Content starts
definition Dsym :: "(nat \<Rightarrow> real) \<Rightarrow> (nat \<Rightarrow> real) \<Rightarrow> (nat \<Rightarrow> real) \<Rightarrow> (nat \<Rightarrow> real) \<Rightarrow> real" where
  "Dsym xi1 xi2 u1 u2 = pairing (\<lambda>i. xi1 i - xi2 i) (\<lambda>i. u1 i - u2 i)"

end

theory Submission
  imports Defs
begin

text \<open>
  Testing the constraint of problem \<open>i\<close> with \<open>v\<^sup>j \<in> H\<^sub>n\<close> gives \<open>pairing (A v\<^sup>j) u\<^sup>i = \<langle>v\<^sup>j, f\<^sup>i\<rangle>\<close>;
  moreover \<open>pairing (A v\<^sup>i) u\<^sup>i = \<parallel>u\<^sup>i\<parallel>\<^sub>1\<close>, and \<open>pairing (A v\<^sup>j) u\<^sup>i \<le> \<parallel>u\<^sup>i\<parallel>\<^sub>1\<close> because \<open>\<bar>A v\<^sup>j\<bar> \<le> 1\<close>.
  Hence \<open>D\<^sup>s\<^sup>y\<^sup>m = \<langle>v\<^sup>1 - v\<^sup>2, f\<^sup>1 - f\<^sup>2\<rangle>\<close> and \<open>\<parallel>u\<^sup>1\<parallel>\<^sub>1 - \<parallel>u\<^sup>2\<parallel>\<^sub>1 \<le> \<langle>v\<^sup>1, f\<^sup>1 - f\<^sup>2\<rangle>\<close>, and Cauchy-Schwarz
  with \<open>\<parallel>v\<^sup>i\<parallel> \<le> \<kappa>\<^sub>n \<parallel>A v\<^sup>i\<parallel>\<^sub>\<infinity> \<le> \<kappa>\<^sub>n\<close> concludes.

  The real work is that the set whose supremum is \<open>\<kappa>\<^sub>n\<close> is bounded (the supremum of an unbounded
  set of reals is unspecified). This is equivalence of norms on \<open>H\<^sub>n\<close>: \<open>z \<mapsto> \<parallel>A z\<parallel>\<^sub>\<infinity>\<close> is continuous
  and nonzero on the unit sphere of \<open>H\<^sub>n\<close>, which is compact, being a closed subset of the image of the
  cube \<open>[-1, 1]\<^sup>E\<close> under an orthonormal basis \<open>E\<close>.
\<close>

lemma orthonormal_basis_finite_span:
  fixes B :: "'a::real_inner set"
  assumes "finite B"
  obtains E where "finite E" "pairwise orthogonal E" "\<And>e. e \<in> E \<Longrightarrow> norm e = 1"
    "span E = span B"
proof -
  obtain C where C: "finite C" "span C = span B" "pairwise orthogonal C"
    using basis_orthogonal[OF assms] by blast
  define E where "E = (\<lambda>c. (1 / norm c) *\<^sub>R c) ` (C - {0})"
  show thesis
  proof
    show "finite E" using C(1) by (simp add: E_def)
    show "pairwise orthogonal E"
      using C(3) by (auto simp: E_def pairwise_def orthogonal_def)
    show "norm e = 1" if "e \<in> E" for e
      using that by (auto simp: E_def split: if_splits)
    have "span E = span (C - {0})"
      unfolding E_def using C(1) by (intro span_image_scale) auto
    then show "span E = span B" using C(2) by simp
  qed
qed

lemma compact_bounded_combinations:
  fixes E :: "'a::real_normed_vector set"
  assumes "finite E"
  shows "compact ((\<lambda>t. \<Sum>e\<in>E. t e *\<^sub>R e) ` {t. \<forall>e\<in>E. \<bar>t e\<bar> \<le> 1})"
  using assms
proof (induction E rule: finite_induct)
  case empty
  then show ?case by simp
next
  case (insert a E)
  let ?P = "\<lambda>E. (\<lambda>t. \<Sum>e\<in>E. t e *\<^sub>R e) ` {t. \<forall>e\<in>E. \<bar>t e\<bar> \<le> 1}"
  let ?S = "(\<lambda>s. s *\<^sub>R a) ` {-1..1}"
  have "?P (insert a E) = {x + y | x y. x \<in> ?S \<and> y \<in> ?P E}"
  proof (intro set_eqI iffI)
    fix z assume "z \<in> ?P (insert a E)"
    then obtain t where t: "\<forall>e\<in>insert a E. \<bar>t e\<bar> \<le> 1"
      and z: "z = (\<Sum>e\<in>insert a E. t e *\<^sub>R e)"
      by blast
    have "z = t a *\<^sub>R a + (\<Sum>e\<in>E. t e *\<^sub>R e)"
      using z insert.hyps by simp
    moreover have "t a *\<^sub>R a \<in> ?S"
      using t by (intro imageI) (simp add: abs_le_iff)
    moreover have "(\<Sum>e\<in>E. t e *\<^sub>R e) \<in> ?P E"
      using t by (intro rev_image_eqI[of t]) simp_all
    ultimately show "z \<in> {x + y | x y. x \<in> ?S \<and> y \<in> ?P E}"
      by blast
  next
    fix z assume "z \<in> {x + y | x y. x \<in> ?S \<and> y \<in> ?P E}"
    then obtain s t where s: "s \<in> {-1..1}" and t: "\<forall>e\<in>E. \<bar>t e\<bar> \<le> 1"
      and z: "z = s *\<^sub>R a + (\<Sum>e\<in>E. t e *\<^sub>R e)"
      by blast
    have "(\<Sum>e\<in>E. (t(a := s)) e *\<^sub>R e) = (\<Sum>e\<in>E. t e *\<^sub>R e)"
      using insert.hyps by (intro sum.cong) auto
    then have "z = (\<Sum>e\<in>insert a E. (t(a := s)) e *\<^sub>R e)"
      using insert.hyps z by simp
    moreover have "\<forall>e\<in>insert a E. \<bar>(t(a := s)) e\<bar> \<le> 1"
      using s t by (simp add: abs_le_iff)
    ultimately show "z \<in> ?P (insert a E)" by blast
  qed
  moreover have "compact ?S"
    by (intro compact_continuous_image continuous_intros) simp
  ultimately show ?case
    using compact_sums[of ?S "?P E"] insert.IH by simp
qed

lemma compact_sphere_finite_span:
  fixes B :: "'a::real_inner set"
  assumes "finite B"
  shows "compact (span B \<inter> sphere 0 1)"
proof -
  obtain E where E: "finite E" "pairwise orthogonal E" "\<And>e. e \<in> E \<Longrightarrow> norm e = 1"
    "span E = span B"
    using orthonormal_basis_finite_span[OF assms] by blast
  define P where "P = (\<lambda>t. \<Sum>e\<in>E. t e *\<^sub>R e) ` {t. \<forall>e\<in>E. \<bar>t e\<bar> \<le> 1}"
  have "span B \<inter> sphere 0 1 \<subseteq> P"
  proof
    fix z assume z: "z \<in> span B \<inter> sphere 0 1"
    have "\<bar>z \<bullet> e\<bar> \<le> 1" if "e \<in> E" for e
      using Cauchy_Schwarz_ineq2[of z e] E(3)[OF that] z by simp
    then have "(\<lambda>e. z \<bullet> e) \<in> {t. \<forall>e\<in>E. \<bar>t e\<bar> \<le> 1}" by blast
    moreover have "z = (\<Sum>e\<in>E. (z \<bullet> e) *\<^sub>R e)"
      using orthonormal_basis_expand[OF E(2) E(3) _ E(1), of z] z E(4) by simp
    ultimately show "z \<in> P"
      unfolding P_def using rev_image_eqI[of "\<lambda>e. z \<bullet> e" _ z "\<lambda>t. \<Sum>e\<in>E. t e *\<^sub>R e"]
      by simp
  qed
  moreover have "P \<subseteq> span B"
    unfolding P_def E(4)[symmetric] by (auto intro!: span_sum span_scale intro: span_base)
  ultimately have eq: "span B \<inter> sphere 0 1 = P \<inter> sphere 0 1" by blast
  have "closed (sphere (0::'a) 1)"
    using closed_Diff[OF closed_cball[of 0 1] open_ball[of 0 1]] by (simp add: cball_diff_eq_sphere)
  then show ?thesis
    unfolding eq P_def by (intro compact_Int_closed compact_bounded_combinations E(1))
qed

lemma bounded_linear_bounded_below_on_finite_span:
  fixes T :: "'a::real_inner \<Rightarrow> 'b::real_normed_vector"
  assumes T: "bounded_linear T" and B: "finite B"
    and inj: "\<And>z. z \<in> span B \<Longrightarrow> T z = 0 \<Longrightarrow> z = 0"
  obtains c where "c > 0" "\<And>z. z \<in> span B \<Longrightarrow> c * norm z \<le> norm (T z)"
proof -
  have normalized: "(1 / norm z) *\<^sub>R z \<in> span B \<inter> sphere 0 1" if "z \<in> span B" "z \<noteq> 0" for z
    using that by (simp add: span_scale)
  show thesis
  proof (cases "span B \<inter> sphere 0 1 = {}")
    case True
    have "1 * norm z \<le> norm (T z)" if "z \<in> span B" for z
      using normalized[OF that] True by (cases "z = 0") auto
    with that[of 1] show thesis by simp
  next
    case False
    have "continuous_on (span B \<inter> sphere 0 1) (\<lambda>z. norm (T z))"
      using T by (intro continuous_on_norm linear_continuous_on)
    then obtain x where x: "x \<in> span B \<inter> sphere 0 1"
      and min: "\<And>y. y \<in> span B \<inter> sphere 0 1 \<Longrightarrow> norm (T x) \<le> norm (T y)"
      using continuous_attains_inf[OF compact_sphere_finite_span[OF B] False] by blast
    have "x \<noteq> 0" using x by auto
    then have "norm (T x) > 0" using x inj by auto
    then show thesis
    proof (rule that)
      fix z assume z: "z \<in> span B"
      show "norm (T x) * norm z \<le> norm (T z)"
      proof (cases "z = 0")
        case False
        have "norm (T x) \<le> norm (T ((1 / norm z) *\<^sub>R z))"
          using min normalized[OF z False] by blast
        also have "\<dots> = norm (T z) / norm z"
          using T by (simp add: linear_simps)
        finally show ?thesis using False by (simp add: field_simps)
      qed simp
    qed
  qed
qed

lemma bounded_linear_c0_imp_bcontfun:
  assumes "bounded_linear_c0 A"
  shows "A z \<in> bcontfun"
proof -
  obtain K where "\<And>x i. \<bar>A x i\<bar> \<le> K * norm x"
    using assms unfolding bounded_linear_c0_def by blast
  then show ?thesis by (intro bcontfun_normI[where b = "K * norm z"]) auto
qed

lemma supnorm_eq_norm_Bcontfun:
  assumes "x \<in> bcontfun"
  shows "supnorm x = norm (Bcontfun x :: nat \<Rightarrow>\<^sub>C real)"
  unfolding norm_bcontfun_def dist_bcontfun.rep_eq zero_bcontfun.rep_eq supnorm_def
  using assms by (simp add: Bcontfun_inverse)

lemma bounded_linear_c0_imp_bounded_linear:
  assumes A: "bounded_linear_c0 A"
  shows "bounded_linear (\<lambda>z. Bcontfun (A z) :: nat \<Rightarrow>\<^sub>C real)"
proof -
  obtain K where K: "\<And>x i. \<bar>A x i\<bar> \<le> K * norm x"
    using A unfolding bounded_linear_c0_def by blast
  note app = Bcontfun_inverse[OF bounded_linear_c0_imp_bcontfun[OF A]]
  show ?thesis
  proof (rule bounded_linear_intro[where K = K])
    show "Bcontfun (A (x + y)) = Bcontfun (A x) + Bcontfun (A y)" for x y
      using A by (intro bcontfun_eqI) (simp add: plus_bcontfun.rep_eq app bounded_linear_c0_def)
    show "Bcontfun (A (r *\<^sub>R x)) = r *\<^sub>R Bcontfun (A x)" for r x
      using A by (intro bcontfun_eqI) (simp add: scaleR_bcontfun.rep_eq app bounded_linear_c0_def)
    show "norm (Bcontfun (A x)) \<le> norm x * K" for x
      by (rule norm_bound) (simp add: app K mult.commute)
  qed
qed

lemma supnorm_lower_bound_finite_span:
  fixes A :: "'h::real_inner \<Rightarrow> nat \<Rightarrow> real"
  assumes A: "bounded_linear_c0 A" and B: "finite B" "span B = Hn"
    and null: "\<forall>z\<in>Hn. (\<forall>i. A z i = 0) \<longrightarrow> z = 0"
  obtains c where "c > 0" "\<And>z. z \<in> Hn \<Longrightarrow> c * norm z \<le> supnorm (A z)"
proof -
  note app = Bcontfun_inverse[OF bounded_linear_c0_imp_bcontfun[OF A]]
  have "z = 0" if "z \<in> span B" "Bcontfun (A z) = 0" for z
    using null that B(2) app[of z] by (auto simp: fun_eq_iff)
  then obtain c where "c > 0" "\<And>z. z \<in> span B \<Longrightarrow> c * norm z \<le> norm (Bcontfun (A z))"
    using bounded_linear_bounded_below_on_finite_span[OF bounded_linear_c0_imp_bounded_linear[OF A] B(1)]
    by blast
  then show thesis
    using that B(2) supnorm_eq_norm_Bcontfun[OF bounded_linear_c0_imp_bcontfun[OF A]] by metis
qed

lemma norm_le_kappa:
  fixes A :: "'h::real_inner \<Rightarrow> nat \<Rightarrow> real"
  assumes A: "bounded_linear_c0 A" and B: "finite B" "span B = Hn"
    and null: "\<forall>z\<in>Hn. (\<forall>i. A z i = 0) \<longrightarrow> z = 0"
    and z: "z \<in> Hn" "\<forall>i. \<bar>A z i\<bar> \<le> 1"
  shows "norm z \<le> kappa A Hn"
proof -
  obtain c where c: "c > 0" "\<And>z. z \<in> Hn \<Longrightarrow> c * norm z \<le> supnorm (A z)"
    using supnorm_lower_bound_finite_span[OF A B null] by blast
  let ?Q = "insert 0 ((\<lambda>z. norm z / supnorm (A z)) ` (Hn - {0}))"
  have "norm y / supnorm (A y) \<le> 1 / c" if "y \<in> Hn" "y \<noteq> 0" for y
  proof -
    have "0 < c * norm y" using c(1) that(2) by simp
    also have "\<dots> \<le> supnorm (A y)" using c(2) that(1) .
    finally show ?thesis using c(1) c(2)[OF that(1)] by (simp add: field_simps)
  qed
  then have bdd: "bdd_above ?Q"
    unfolding bdd_above_insert by (intro bdd_aboveI2[where M = "1 / c"]) auto
  have kappa_nonneg: "0 \<le> kappa A Hn"
    unfolding kappa_def using bdd by (intro cSup_upper) auto
  show ?thesis
  proof (cases "z = 0")
    case False
    have "0 < c * norm z" using c(1) False by simp
    also have "\<dots> \<le> supnorm (A z)" using c(2) z(1) .
    finally have pos: "0 < supnorm (A z)" .
    have le1: "supnorm (A z) \<le> 1"
      unfolding supnorm_def using z(2) by (intro cSUP_least) auto
    have "norm z / supnorm (A z) \<le> kappa A Hn"
      unfolding kappa_def using bdd z(1) False by (intro cSup_upper) auto
    then have "norm z \<le> kappa A Hn * supnorm (A z)"
      using pos by (simp add: divide_le_eq)
    also have "\<dots> \<le> kappa A Hn"
      using kappa_nonneg le1 by (simp add: mult_left_le)
    finally show ?thesis .
  qed (simp add: kappa_nonneg)
qed

lemma summable_bounded_times_l1:
  assumes u: "in_l1 u" and x: "\<And>i. \<bar>x i\<bar> \<le> M"
  shows "summable (\<lambda>i. x i * u i)"
proof (rule summable_comparison_test)
  show "summable (\<lambda>i. M * \<bar>u i\<bar>)"
    using u unfolding in_l1_def by (rule summable_mult)
  show "\<exists>N. \<forall>i\<ge>N. norm (x i * u i) \<le> M * \<bar>u i\<bar>"
    using x by (intro exI[of _ 0] allI impI) (simp add: abs_mult mult_right_mono)
qed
Content ends
◆ REQUIRED WORK: Report every line of the data above that contains the string "lemma" by copying it in full.

◆ ANSWER TO THE PROBLEM:
lemma orthonormal_basis_finite_span:
lemma compact_bounded_combinations:
lemma compact_sphere_finite_span:
lemma bounded_linear_bounded_below_on_finite_span:
lemma bounded_linear_c0_imp_bcontfun:
lemma supnorm_eq_norm_Bcontfun:
lemma bounded_linear_c0_imp_bounded_linear:
lemma supnorm_lower_bound_finite_span:
lemma norm_le_kappa:
lemma summable_bounded_times_l1:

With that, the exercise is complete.